A readiness checklist
- Enterprise AML risk assessment updated for proliferation financing, tax evasion, and virtual assets
- Customer due diligence and screening rules aligned to the new predicate crimes and threshold
- Tax and AML controls connected, with shared red-flag escalation
- Senior management responsibilities documented and supported by board-level reporting
- Suspicious transaction reporting process tested for triggers, timing, and accountability
- Record-keeping designed to evidence oversight, given that money laundering, terrorist financing and proliferation financing offences are not time-barred
Common pitfalls to avoid
- Treating the law as a single deadline. The regulations took effect two months after the primary law and carry much of the operational detail.
- Keeping tax and AML in separate silos. Tax evasion is now a predicate crime; the two functions must share intelligence.
- Relying on wilful blindness. The circumstantial-evidence standard makes deliberately not knowing a liability rather than a defence.
- Under-resourcing the compliance function. A senior compliance role without authority or budget exposes both the firm and its executives.
How This Connects to Setting Up and Running a UAE Business
For founders and groups establishing a presence in the UAE, AML readiness is no longer a step you bolt on after launch. It belongs in the design of the entity itself: how ownership is structured, who is appointed to senior roles, and how governance is documented from day one. Getting this right at formation avoids costly retrofitting later and demonstrates good faith to supervisors and banking partners.
This is where AML, tax, and structuring decisions converge. Our company formation work, our corporate tax compliance support, and our AML and compliance advisory are most effective when they are coordinated, precisely because the 2025 law has made these areas legally interdependent. Establishing clean beneficial ownership records, sound governance, and integrated controls at the outset is far simpler than reconstructing them under regulatory pressure.
Key Takeaway
Federal Decree-Law No. 10 of 2025 does more than tighten rules. It widens who is exposed, including senior managers personally, lowers the bar for what counts as money laundering, and links AML directly to tax compliance, so treating AML as a documented, board-level, cross-functional discipline is now the only safe posture.
Conclusion
The UAE's 2025 AML reset is best understood as a change in expectations rather than a list of new clauses. Compliance is now a continuous, evidenced, board-supervised activity, and the law assumes that a well-run business can demonstrate exactly how it manages financial crime risk. Proliferation financing, virtual assets, and tax evasion are squarely within the perimeter, and the lower knowledge threshold means that what you reasonably should have known carries weight alongside what you actually knew.

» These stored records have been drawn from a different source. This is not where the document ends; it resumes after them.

definition Bplus :: "nat \<Rightarrow> nat \<Rightarrow> symbol \<Rightarrow> symbol \<Rightarrow> bool" where
  "Bplus m m' L L' \<longleftrightarrow> defect L' = 1 - defect L \<and>
     (let a = fst L; b = snd L; c = fst L'; d = snd L' in
      if m' = m then
        (\<forall>i\<in>{1..length d}. ent a i > ent d i \<and> ent d i \<ge> ent a (i + 1)) \<and>
        (\<forall>i\<in>{1..length c}. ent b (i - 1) > ent c i \<and> ent c i \<ge> ent b i)
      else if m' = m + 1 then
        (\<forall>i\<in>{1..length d}. ent a i \<ge> ent d i \<and> ent d i > ent a (i + 1)) \<and>
        (\<forall>i\<in>{1..length c}. ent b (i - 1) \<ge> ent c i \<and> ent c i > ent b i)
      else False)"

definition BplusRel :: "symbol \<Rightarrow> symbol \<Rightarrow> nat \<Rightarrow> nat \<Rightarrow> (symbol \<times> symbol) set" where
  "BplusRel Z Z' m m' = {(L, L'). L \<in> Sbar Z \<and> L' \<in> Sbar Z' \<and> Bplus m m' L L'}"

definition Dset :: "symbol \<Rightarrow> symbol \<Rightarrow> nat \<Rightarrow> nat \<Rightarrow> (symbol \<times> symbol) set" where
  "Dset Z Z' m m' = BplusRel Z Z' m m' \<inter> (Sdef Z 1 \<times> Sdef Z' 0)"

definition D_Z :: "symbol \<Rightarrow> symbol \<Rightarrow> nat \<Rightarrow> nat \<Rightarrow> symbol set" where
  "D_Z Z Z' m m' = {L'. (Z, L') \<in> Dset Z Z' m m'}"
(* Let $n\in\mathbb{N}$ and let $\varphi$ be a formula of $\mathbf{CPN}_n$ (built only from propositional letters, the constants $\perp_c$, $\perp_{(n)}$, $\top_{(n)}$, the negations $\neg_c$ and $\to_{(n)}$). Regard $\varphi$ as a formula of $\mathbf{CPN}_{n+1}$ by reading every chain over $[n]$ as a chain over $[n+1]$ (so $\perp_{(n)}$ becomes $\perp_{\{1,\dots,n\}}$ and $\neg_{(n)}$ becomes the weak negation $\neg_{\{1,\dots,n\}}$ of $\mathbf{CPN}_{n+1}$), replacing $\to_{(n)}$ by $\to_{(n+1)}$ and $\top_{(n)}$ by $\top_{(n+1)}$. If $\vdash_{(n+1)}\varphi$, then $\vdash_{(n)}\varphi$.
   Context: For each $m\ge 1$, write $[m]=\{1,\dots,m\}$. Chains: a chain over $[m]$ is a finite sequence of distinct elements of $[m]$; chains with the same length and the same symbols are identified, so a chain is effectively a subset of $[m]$; $\epsilon$ is the empty chain and $(m)$ the chain of all symbols of $[m]$. For chains $c,d$: the coconcatenation $c\otimes d$ is the chain of symbols occurring in exactly one of $c,d$; $d$ is a subchain of $c$ if every symbol of $d$ is a symbol of $c$. Language of $\mathbf{CPN}_m$: a countable set of propositional letters (the same for all $m$); constants $\perp_c$ for each chain $c$ over $[m]$ with $1\le|c|\le m-1$, and constants $\perp_{(m)}$ and $\top_{(m)}$; a unary connective $\neg_c$ for each nonempty chain $c$ over $[m]$; a binary connective $\to_{(m)}$. Formulas are built as usual. Conventions: $\neg_\epsilon\varphi:=\varphi$, $\perp_\epsilon:=\top_{(m)}$, and $\perp_c$ for $c=(m)$ means $\perp_{(m)}$. Abbreviations: $\varphi\wedge_{(m)}\psi:=\neg_{(m)}(\varphi\to_{(m)}\neg_{(m)}\psi)$, $\varphi\leftrightarrow_{(m)}\psi:=(\varphi\to_{(m)}\psi)\wedge_{(m)}(\psi\to_{(m)}\varphi)$. Axioms of $\mathbf{CPN}_m$, for all formulas $\varphi,\psi,\chi$ and all nonempty chains $c_k,c_r$ over $[m]$: (A1) $\varphi\to_{(m)}(\psi\to_{(m)}\varphi)$; (A2) $(\varphi\to_{(m)}(\psi\to_{(m)}\chi))\to_{(m)}((\varphi\to_{(m)}\psi)\to_{(m)}(\varphi\to_{(m)}\chi))$; (A3) $(\neg_{(m)}\psi\to_{(m)}\neg_{(m)}\varphi)\to_{(m)}((\neg_{(m)}\psi\to_{(m)}\varphi)\to_{(m)}\psi)$; (A4) $\varphi\to_{(m)}(\perp_{c_k}\to_{(m)}\neg_{c_k}\varphi)$; (A5) $\neg_{c_k}\neg_{c_r}\varphi\leftrightarrow_{(m)}\neg_{c_k\otimes c_r}\varphi$; (A6) $\neg_{c_k}\perp_{c_r}\leftrightarrow_{(m)}\perp_{c_k\otimes c_r}$; (A7) $\perp_{c_k}\to_{(m)}\perp_{c_r}$, whenever $c_r$ is a subchain of $c_k$. The only rule is modus ponens for $\to_{(m)}$; $\vdash_{(m)}\varphi$ means $\varphi$ has a derivation from these axioms by modus ponens. *)

theory Defs
  imports Main
begin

For most businesses, the work ahead is practical: refresh the risk assessment, connect tax and AML controls, clarify and document senior management oversight, and make sure the suspicious transaction reporting process functions under pressure. None of this is exotic, but all of it must be in place and provable, because both the criminal and administrative tracks now reach further than before.
Where the stakes include personal liability for executives and fines that can scale with the value of the criminal property, professional guidance earns its place. AURNÉ helps UAE businesses align their AML, corporate tax, and structuring decisions to the new law, building frameworks that satisfy supervisors and protect the people who run the company. The firms that treat this reset as an opportunity to strengthen governance, rather than a box to tick, will be the ones best placed for the next phase of UAE regulation.